大山的孩子
■刘欣雨
朝阳初升,天空还未卷起火云,只有一片淡玫瑰色的晨曦照亮远处的乌孙山脉。我沿红海沟边防连营门外夹道左转,朝着直线距离不足百米的一个院落走去。这里是连队最近的邻居,也是护边员吕刚的家。
院落外,一辆皮卡车静静地靠墙停放。铁门轻启,一个高大魁梧的汉子迎了出来,赭红色的脸庞上眉峰浓黑如剑。他微笑着请我进屋,屋内陈设简陋,反而衬得墙上那张“森林护我家,防火靠大家”的海报格外醒目。
初次面对采访,吕刚显得有些局促。幸好,他的爱人安雅秋及时出现,手里端着热茶,笑容满面。她身材纤细,一个简单的发髻盘于脑后,性格活泼而健谈。一番寒暄之后,我们逐渐熟络起来,话题也自然而然地展开了。
吕刚已经是这里的第三代“守山人”了。他的外公在20世纪60年代末作为湖北知青来到新疆,并于1974年申请进入乌孙山,从此扎根于此。那时生活条件艰苦,外公在院门外开垦出3亩地,还将多余的粮食分给山里的牧民。吕刚的舅舅也是当地知名的“赤脚医生”,无论路途多么艰难,他都坚持骑着枣红马为牧民们送医送药。
“既然选择了艰苦的地方,就要办点实事。”这是外公和舅舅常挂在嘴边的话。时隔多年,许多记忆已模糊,这句话却深深烙在吕刚心里。
儿时的吕刚并不完全理解什么是“办实事”,但他从小就跟着外公巡边。他蜷缩在外公怀里,紧紧抓住马鞍,努力克服内心的恐惧。羊群悠闲地跟在一旁,啃食青草,发出咩咩的叫声。
“记住,遇到情况要及时报告连队。”外公慈爱地摩挲着吕刚的头发。
“记住啦。”吕刚乖巧地应着,目光望向边防线。夕阳西下,一支巡逻分队出现在他的视线中。吕刚兴奋地挥手大喊:“解放军叔叔,解放军叔叔……”

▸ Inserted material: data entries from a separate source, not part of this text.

lemma wronskian_reflect:
  fixes c :: "nat \<Rightarrow> real"
  assumes "open S" "\<And>y. y \<in> S \<Longrightarrow> - y \<in> S" "length Fs = length fs"
    and "\<And>k y. k < length fs \<Longrightarrow> y \<in> S \<Longrightarrow> (fs ! k) y = c k * (Fs ! k) (- y)"
    and "\<forall>F\<in>set Fs. smooth_on S F" "\<eta> \<in> S"
  shows "wronskian fs (- \<eta>) = (-1)^(length fs * (length fs - 1) div 2) * (\<Prod>k<length fs. c k) * wronskian Fs \<eta>"
proof -
  let ?M = "length fs"
  have entries: "(deriv ^^ j) (fs ! k) (- \<eta>) = (-1)^j * c k * (deriv ^^ j) (Fs ! k) \<eta>" if "k < ?M" for j k
    using higher_deriv_reflect[where f = "fs ! k" and F = "Fs ! k" and c = "c k", OF assms(1,2) assms(4)[OF that]]
      assms(2,3,5,6) that by simp
  have "wronskian fs (- \<eta>) = Determinant.det (Matrix.mat ?M ?M (\<lambda>(j, k). (-1)^j * c k * (deriv ^^ j) (Fs ! k) \<eta>))"
    unfolding wronskian_def by (intro arg_cong[where f = Determinant.det] eq_matI) (auto simp: entries)
  also have "\<dots> = (\<Prod>j<?M. (-1)^j) * (\<Prod>k<?M. c k) * wronskian Fs \<eta>"
    using det_mat_scale_rows_cols[where r = "\<lambda>j. (-1)^j" and s = c and A = "\<lambda>j k. (deriv ^^ j) (Fs ! k) \<eta>"]
    by (simp add: wronskian_def assms(3))
  finally show ?thesis
    by (simp only: prod_lessThan_minus_one_power)
qed

section \<open>Seed functions and multi-indexed Jacobi polynomials\<close>

lemma mu_reflect: "mu g h s y = (-1)^fst s * mu h g (fst s, flip_type (snd s)) (- y)"
proof (cases s)
  case (Pair d t)
  then show ?thesis
    by (cases t) (simp_all add: jacobiP_minus[of _ _ d y] mult_ac power_mult_distrib[symmetric])
qed

lemma Pgh_reflect: "Pgh g h n y = (-1)^n * Pgh h g n (- y)"
  by (simp add: Pgh_def jacobiP_minus[of _ _ n y] power_mult_distrib[symmetric])

lemma smooth_on_mu: "smooth_on {-1<..<1} (mu g h s)"
proof (cases s)
  case (Pair d t)
  show ?thesis
  proof (cases t)
    case TI
    show ?thesis
      using smooth_on_weighted_jacobiP[of "1/2 - h" 0 "g - 1/2" "1/2 - h" d]
      by (rule smooth_on_cong[OF open_greaterThanLessThan, rotated]) (simp add: Pair TI)
  next
    case TII
    show ?thesis
      using smooth_on_weighted_jacobiP[of 0 "1/2 - g" "1/2 - g" "h - 1/2" d]
      by (rule smooth_on_cong[OF open_greaterThanLessThan, rotated]) (simp add: Pair TII)
  qed
qed

lemma smooth_on_Pgh: "smooth_on {-1<..<1} (Pgh g h n)"
  using smooth_on_weighted_jacobiP[of 0 0 "g - 1/2" "h - 1/2" n]
  by (rule smooth_on_cong[OF open_greaterThanLessThan, rotated]) (simp add: Pgh_def)

lemma flip_type_eq_iff: "flip_type t = TI \<longleftrightarrow> t = TII" "flip_type t = TII \<longleftrightarrow> t = TI"
  by (cases t; simp)+

lemma count_I_flipD: "count_I (flipD D) = count_II D"
  by (induction D) (auto simp: count_I_def count_II_def flipD_def flip_type_eq_iff)

lemma count_II_flipD: "count_II (flipD D) = count_I D"
  by (induction D) (auto simp: count_I_def count_II_def flipD_def flip_type_eq_iff)

lemma prod_minus_one_power_fst: "(\<Prod>k<length D. (-1::real)^fst (D ! k)) = (-1)^sum_list (map fst D)"
  by (simp add: sum_list_sum_nth power_sum atLeast0LessThan)

lemma map_mu_nth_reflect:
  "k < length D \<Longrightarrow> (map (mu g h) D ! k) y = (-1)^fst (D ! k) * (map (mu h g) (flipD D) ! k) (- y)"
  by (simp add: flipD_def case_prod_beta mu_reflect[of g h])

lemma Xi_reflect:
  assumes "\<eta> \<in> {-1<..<1}"
  shows "Xi D g h (- \<eta>) = (-1)^(length D * (length D - 1) div 2 + sum_list (map fst D)) * Xi (flipD D) h g \<eta>"
proof -
  have "wronskian (map (mu g h) D) (- \<eta>) = (-1)^(length D * (length D - 1) div 2)
      * (\<Prod>k<length D. (-1)^fst (D ! k)) * wronskian (map (mu h g) (flipD D)) \<eta>"
    using assms map_mu_nth_reflect
    by (subst wronskian_reflect[OF open_greaterThanLessThan]) (auto simp: flipD_def smooth_on_mu)
  then show ?thesis
    by (simp add: Xi_def count_I_flipD count_II_flipD prod_minus_one_power_fst power_add mult_ac)
qed

lemma PD_reflect:
  assumes "\<eta> \<in> {-1<..<1}"
  shows "PD D n g h (- \<eta>) = (-1)^(n + length D * (length D + 1) div 2 + sum_list (map fst D)) * PD (flipD D) n h g \<eta>"
proof -
  define c :: "nat \<Rightarrow> real" where "c k = (if k < length D then (-1)^fst (D ! k) else (-1)^n)" for k
  have "((map (mu g h) D @ [Pgh g h n]) ! k) y = c k * ((map (mu h g) (flipD D) @ [Pgh h g n]) ! k) (- y)"
    if "k < Suc (length D)" for k y
    using that map_mu_nth_reflect[of k D g h y] Pgh_reflect[of g h n y]
    by (cases "k < length D") (auto simp: c_def nth_append flipD_def)
  then have "wronskian (map (mu g h) D @ [Pgh g h n]) (- \<eta>) = (-1)^(Suc (length D) * length D div 2)
      * (\<Prod>k<Suc (length D). c k) * wronskian (map (mu h g) (flipD D) @ [Pgh h g n]) \<eta>"
    using assms
    by (subst wronskian_reflect[OF open_greaterThanLessThan]) (auto simp: flipD_def smooth_on_mu smooth_on_Pgh)
  then show ?thesis
    by (simp add: PD_def c_def count_I_flipD count_II_flipD prod_minus_one_power_fst power_add mult_ac)
qed

theorem mainTheorem5:
  fixes g h :: real and D :: "seed list" and n :: nat and \<eta> :: real
  assumes "g > 1/2" and "h > 1/2"
    and "\<forall>s \<in> set D. seed_label g h s"
    and "distinct D"
    and "-1 < \<eta>" and "\<eta> < 1"
  shows "PD D n g h (- \<eta>) =
           (-1) ^ (n + length D * (length D + 1) div 2 + sum_list (map fst D)) * PD (flipD D) n h g \<eta>
       \<and> Xi D g h (- \<eta>) =
           (-1) ^ (length D * (length D - 1) div 2 + sum_list (map fst D)) * Xi (flipD D) h g \<eta>"
  \<comment> \<open>The identity is formal: only -1 < \<eta> < 1 is needed, not the conditions on g, h and D.\<close>
  using assms(5,6) by (simp add: PD_reflect Xi_reflect)

end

从6岁起,吕刚便跟随父亲学习耕种和放牧,偶尔也会去连队转转。战士们都很喜欢他,教他识字、唱歌。营区墙壁上“军民团结”4个大字,成了吕刚最早认识的汉字。
那年,连队拥有了首台发电机。新装备刚就位,老兵谭墨水就迫不及待地研究操作,让红海沟的夜晚第一次亮起灯光。
同一天,谭墨水也为吕刚家接通了电路。不久后,连队又打了一口水井,吕刚一家从此告别了挑水的日子。“我们和连队的情谊,就像红海沟的水一样长流,像边疆的山一样坚固。”吕刚感慨道。
初中毕业后,吕刚接替了父亲的放牧戍边工作。乌孙山里野兽出没,巡山时常危机四伏。吕刚回忆起一次与父亲翻越松树林,迎面撞上一头壮如小牛的野猪,他两腿发颤,僵在原地,幸好父亲眼疾手快,一把将他拽到身后。
“多走几次就知道了,往后你会感谢它们……”看到吕刚的窘迫,父亲嘴角露出一丝神秘的笑。巡山路人迹罕至,沟底布满荆棘,父子俩需要用镰刀削去矮树丛才能前进,不到半小时便大汗淋漓。这时候,野猪拱出来的路段就派上了用场,能让人省下不少力气。
乌孙山地形复杂,沟壑纵横。无论路途多远,父亲从不放过任何一个角落。“只有确认没有陌生脚印和人为破坏的痕迹,心里才踏实。”父亲的严谨和执着在潜移默化中影响着吕刚,也让他更加坚定了守山的决心。“我是大山的孩子,如果离开,心就像缺了一块。”他说。
“刚哥,军马生病了,帮忙看看!”“刚哥,哨所缺物资了,帮忙送送!”……官兵生活中遇到困难,吕刚总是随叫随到。在连队流传着一句话:“遇到困难找刚哥。”他暖阳般和煦的笑容和豁达的性格,温暖着每一个官兵的心。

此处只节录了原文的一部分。